▼
lemma unit_null_perp_cases:
  assumes "spacelike v" and x: "unit_null_perp v x"
  shows "x = null_perp_vec 1 v \<or> x = null_perp_vec (-1) v"
proof -
  define a b c where "a = v$1" and "b = v$2" and "c = v$3"
  define r d s where "r = a^2 + b^2" and "d = sqrt (ldot v v)" and "s = sqrt (1/2::real)"
  have "ldot v v > 0" using assms(1) unfolding spacelike_def .
  then have d2: "d^2 = r - c^2" and "r > 0"
    unfolding d_def r_def a_def b_def c_def ldot_def by (simp_all add: power2_eq_square)
      (smt (verit) zero_le_square)
  have npv: "null_perp_vec e v = vector [s * ((a*c - e*b*d) / r), s * ((b*c + e*a*d) / r), s]" for e
    unfolding null_perp_vec_def a_def b_def c_def r_def d_def s_def by (simp add: vec_eq_iff forall_3)
  have null: "x$1^2 + x$2^2 = x$3^2" and "x$3 > 0" and "x$1^2 + x$2^2 + x$3^2 = 1"
    and perp: "a * x$1 + b * x$2 = c * x$3"
    using x unfolding unit_null_perp_iff_coords a_def b_def c_def by auto
  then have "x$3^2 = s^2" by (simp add: s_def)
  moreover have "s > 0" by (simp add: s_def)
  ultimately have x3: "x$3 = s" using \<open>x$3 > 0\<close> by (simp add: power2_eq_iff_nonneg)
  define k where "k = a * x$2 - b * x$1"
  have "k^2 = r * (x$1^2 + x$2^2) - (a * x$1 + b * x$2)^2"
    unfolding k_def r_def by algebra
  also have "\<dots> = (r - c^2) * s^2"
    using null perp x3 by (simp add: power_mult_distrib algebra_simps)
  also have "\<dots> = (s * d)^2"
    using d2 by (simp add: power_mult_distrib)
  finally have "k = 1 * (s * d) \<or> k = -1 * (s * d)" by (simp add: power2_eq_iff)
  moreover have "x = null_perp_vec e v" if k: "k = e * (s * d)" for e
  proof -
    have "r * x$1 = a*c * s - b*k" "r * x$2 = b*c * s + a*k"
      using perp x3 unfolding k_def r_def by algebra+
    then have "x$1 = s * ((a*c - e*b*d) / r)" "x$2 = s * ((b*c + e*a*d) / r)"
      using k \<open>r > 0\<close> by (simp_all add: field_simps)
    then show ?thesis using x3 unfolding npv by (simp add: vec_eq_iff forall_3)
  qed
  ultimately show ?thesis by blast
qed

lemma det3_null_perp_vec_pos:
  assumes "spacelike v"
  shows "det3 (null_perp_vec 1 v) (null_perp_vec (-1) v) v > 0"
proof -
  define a b c where "a = v$1" and "b = v$2" and "c = v$3"
  define r d s where "r = a^2 + b^2" and "d = sqrt (ldot v v)" and "s = sqrt (1/2::real)"
  have "ldot v v > 0" using assms(1) unfolding spacelike_def .
  then have d2: "d^2 = r - c^2" and "r > 0" and "d > 0"
    unfolding d_def r_def a_def b_def c_def ldot_def by (simp_all add: power2_eq_square)
      (smt (verit) zero_le_square)
  have npv: "null_perp_vec e v = vector [s * ((a*c - e*b*d) / r), s * ((b*c + e*a*d) / r), s]" for e
    unfolding null_perp_vec_def a_def b_def c_def r_def d_def s_def by (simp add: vec_eq_iff forall_3)
  have "det3 (null_perp_vec 1 v) (null_perp_vec (-1) v) v = 2 * s^2 * d * (r - c^2) / r"
    unfolding det3_eq npv using \<open>r > 0\<close>
    by (simp add: a_def[symmetric] b_def[symmetric] c_def[symmetric] field_simps)
      (simp add: r_def power2_eq_square algebra_simps)
  also have "\<dots> = d^3 / r"
    using d2 by (simp add: s_def power3_eq_cube power2_eq_square)
  finally show ?thesis using \<open>d > 0\<close> \<open>r > 0\<close> by simp
qed

lemma det3_same_12: "det3 u u w = 0"
  using det3_swap[of u u w] by simp

lemma
  assumes "spacelike v"
  shows vminus_eq: "vminus v = null_perp_vec 1 v"
    and vplus_eq: "vplus v = null_perp_vec (-1) v"
proof -
  let ?x1 = "null_perp_vec 1 v" and ?x2 = "null_perp_vec (-1) v"
  have unp: "unit_null_perp v x \<longleftrightarrow> x = ?x1 \<or> x = ?x2" for x
    using unit_null_perp_cases[OF assms] unit_null_perp_null_perp_vec[OF assms] by auto
  have pos: "det3 ?x1 ?x2 v > 0" by (rule det3_null_perp_vec_pos[OF assms])
  moreover have "det3 ?x2 ?x1 v < 0" using pos det3_swap[of ?x2 ?x1 v] by simp
  moreover have "?x1 \<noteq> ?x2" using pos det3_same_12[of ?x1 v] by auto
  ultimately have "det3 x y v > 0 \<longleftrightarrow> x = ?x1 \<and> y = ?x2"
    if "unit_null_perp v x" "unit_null_perp v y" for x y
    using that unfolding unp by (elim disjE) (simp_all add: det3_same_12)
  then show "vminus v = ?x1" "vplus v = ?x2"
    unfolding vminus_def vplus_def using unp pos by (auto intro!: the_equality)
qed

lemma
  assumes "spacelike v"
  shows unit_null_perp_vminus: "unit_null_perp v (vminus v)"
    and unit_null_perp_vplus: "unit_null_perp v (vplus v)"
    and det3_vminus_vplus_pos: "det3 (vminus v) (vplus v) v > 0"
  using unit_null_perp_null_perp_vec[OF assms] det3_null_perp_vec_pos[OF assms]
  unfolding vminus_eq[OF assms] vplus_eq[OF assms] by simp_all

lemma null_perp_vminus_vplus:
  assumes "spacelike v"
  shows "ldot (vminus v) (vminus v) = 0" "ldot (vplus v) (vplus v) = 0"
    "ldot (vminus v) v = 0" "ldot (vplus v) v = 0"
  using unit_null_perp_vminus[OF assms] unit_null_perp_vplus[OF assms]
  unfolding unit_null_perp_def null_vec_def by (simp_all add: ldot_commute)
▲
Output every record above, exactly as written.

lemma unit_null_perp_cases:
  assumes "spacelike v" and x: "unit_null_perp v x"
  shows "x = null_perp_vec 1 v \<or> x = null_perp_vec (-1) v"
proof -
  define a b c where "a = v$1" and "b = v$2" and "c = v$3"
  define r d s where "r = a^2 + b^2" and "d = sqrt (ldot v v)" and "s = sqrt (1/2::real)"
  have "ldot v v > 0" using assms(1) unfolding spacelike_def .
  then have d2: "d^2 = r - c^2" and "r > 0"
    unfolding d_def r_def a_def b_def c_def ldot_def by (simp_all add: power2_eq_square)
      (smt (verit) zero_le_square)
  have npv: "null_perp_vec e v = vector [s * ((a*c - e*b*d) / r), s * ((b*c + e*a*d) / r), s]" for e
    unfolding null_perp_vec_def a_def b_def c_def r_def d_def s_def by (simp add: vec_eq_iff forall_3)
  have null: "x$1^2 + x$2^2 = x$3^2" and "x$3 > 0" and "x$1^2 + x$2^2 + x$3^2 = 1"
    and perp: "a * x$1 + b * x$2 = c * x$3"
    using x unfolding unit_null_perp_iff_coords a_def b_def c_def by auto
  then have "x$3^2 = s^2" by (simp add: s_def)
  moreover have "s > 0" by (simp add: s_def)
  ultimately have x3: "x$3 = s" using \<open>x$3 > 0\<close> by (simp add: power2_eq_iff_nonneg)
  define k where "k = a * x$2 - b * x$1"
  have "k^2 = r * (x$1^2 + x$2^2) - (a * x$1 + b * x$2)^2"
    unfolding k_def r_def by algebra
  also have "\<dots> = (r - c^2) * s^2"
    using null perp x3 by (simp add: power_mult_distrib algebra_simps)
  also have "\<dots> = (s * d)^2"
    using d2 by (simp add: power_mult_distrib)
  finally have "k = 1 * (s * d) \<or> k = -1 * (s * d)" by (simp add: power2_eq_iff)
  moreover have "x = null_perp_vec e v" if k: "k = e * (s * d)" for e
  proof -
    have "r * x$1 = a*c * s - b*k" "r * x$2 = b*c * s + a*k"
      using perp x3 unfolding k_def r_def by algebra+
    then have "x$1 = s * ((a*c - e*b*d) / r)" "x$2 = s * ((b*c + e*a*d) / r)"
      using k \<open>r > 0\<close> by (simp_all add: field_simps)
    then show ?thesis using x3 unfolding npv by (simp add: vec_eq_iff forall_3)
  qed
  ultimately show ?thesis by blast
qed

lemma det3_null_perp_vec_pos:
  assumes "spacelike v"
  shows "det3 (null_perp_vec 1 v) (null_perp_vec (-1) v) v > 0"
proof -
  define a b c where "a = v$1" and "b = v$2" and "c = v$3"
  define r d s where "r = a^2 + b^2" and "d = sqrt (ldot v v)" and "s = sqrt (1/2::real)"
  have "ldot v v > 0" using assms(1) unfolding spacelike_def .
  then have d2: "d^2 = r - c^2" and "r > 0" and "d > 0"
    unfolding d_def r_def a_def b_def c_def ldot_def by (simp_all add: power2_eq_square)
      (smt (verit) zero_le_square)
  have npv: "null_perp_vec e v = vector [s * ((a*c - e*b*d) / r), s * ((b*c + e*a*d) / r), s]" for e
    unfolding null_perp_vec_def a_def b_def c_def r_def d_def s_def by (simp add: vec_eq_iff forall_3)
  have "det3 (null_perp_vec 1 v) (null_perp_vec (-1) v) v = 2 * s^2 * d * (r - c^2) / r"
    unfolding det3_eq npv using \<open>r > 0\<close>
    by (simp add: a_def[symmetric] b_def[symmetric] c_def[symmetric] field_simps)
      (simp add: r_def power2_eq_square algebra_simps)
  also have "\<dots> = d^3 / r"
    using d2 by (simp add: s_def power3_eq_cube power2_eq_square)
  finally show ?thesis using \<open>d > 0\<close> \<open>r > 0\<close> by simp
qed

lemma det3_same_12: "det3 u u w = 0"
  using det3_swap[of u u w] by simp

lemma
  assumes "spacelike v"
  shows vminus_eq: "vminus v = null_perp_vec 1 v"
    and vplus_eq: "vplus v = null_perp_vec (-1) v"
proof -
  let ?x1 = "null_perp_vec 1 v" and ?x2 = "null_perp_vec (-1) v"
  have unp: "unit_null_perp v x \<longleftrightarrow> x = ?x1 \<or> x = ?x2" for x
    using unit_null_perp_cases[OF assms] unit_null_perp_null_perp_vec[OF assms] by auto
  have pos: "det3 ?x1 ?x2 v > 0" by (rule det3_null_perp_vec_pos[OF assms])
  moreover have "det3 ?x2 ?x1 v < 0" using pos det3_swap[of ?x2 ?x1 v] by simp
  moreover have "?x1 \<noteq> ?x2" using pos det3_same_12[of ?x1 v] by auto
  ultimately have "det3 x y v > 0 \<longleftrightarrow> x = ?x1 \<and> y = ?x2"
    if "unit_null_perp v x" "unit_null_perp v y" for x y
    using that unfolding unp by (elim disjE) (simp_all add: det3_same_12)
  then show "vminus v = ?x1" "vplus v = ?x2"
    unfolding vminus_def vplus_def using unp pos by (auto intro!: the_equality)
qed

lemma
  assumes "spacelike v"
  shows unit_null_perp_vminus: "unit_null_perp v (vminus v)"
    and unit_null_perp_vplus: "unit_null_perp v (vplus v)"
    and det3_vminus_vplus_pos: "det3 (vminus v) (vplus v) v > 0"
  using unit_null_perp_null_perp_vec[OF assms] det3_null_perp_vec_pos[OF assms]
  unfolding vminus_eq[OF assms] vplus_eq[OF assms] by simp_all

lemma null_perp_vminus_vplus:
  assumes "spacelike v"
  shows "ldot (vminus v) (vminus v) = 0" "ldot (vplus v) (vplus v) = 0"
    "ldot (vminus v) v = 0" "ldot (vplus v) v = 0"
  using unit_null_perp_vminus[OF assms] unit_null_perp_vplus[OF assms]
  unfolding unit_null_perp_def null_vec_def by (simp_all add: ldot_commute)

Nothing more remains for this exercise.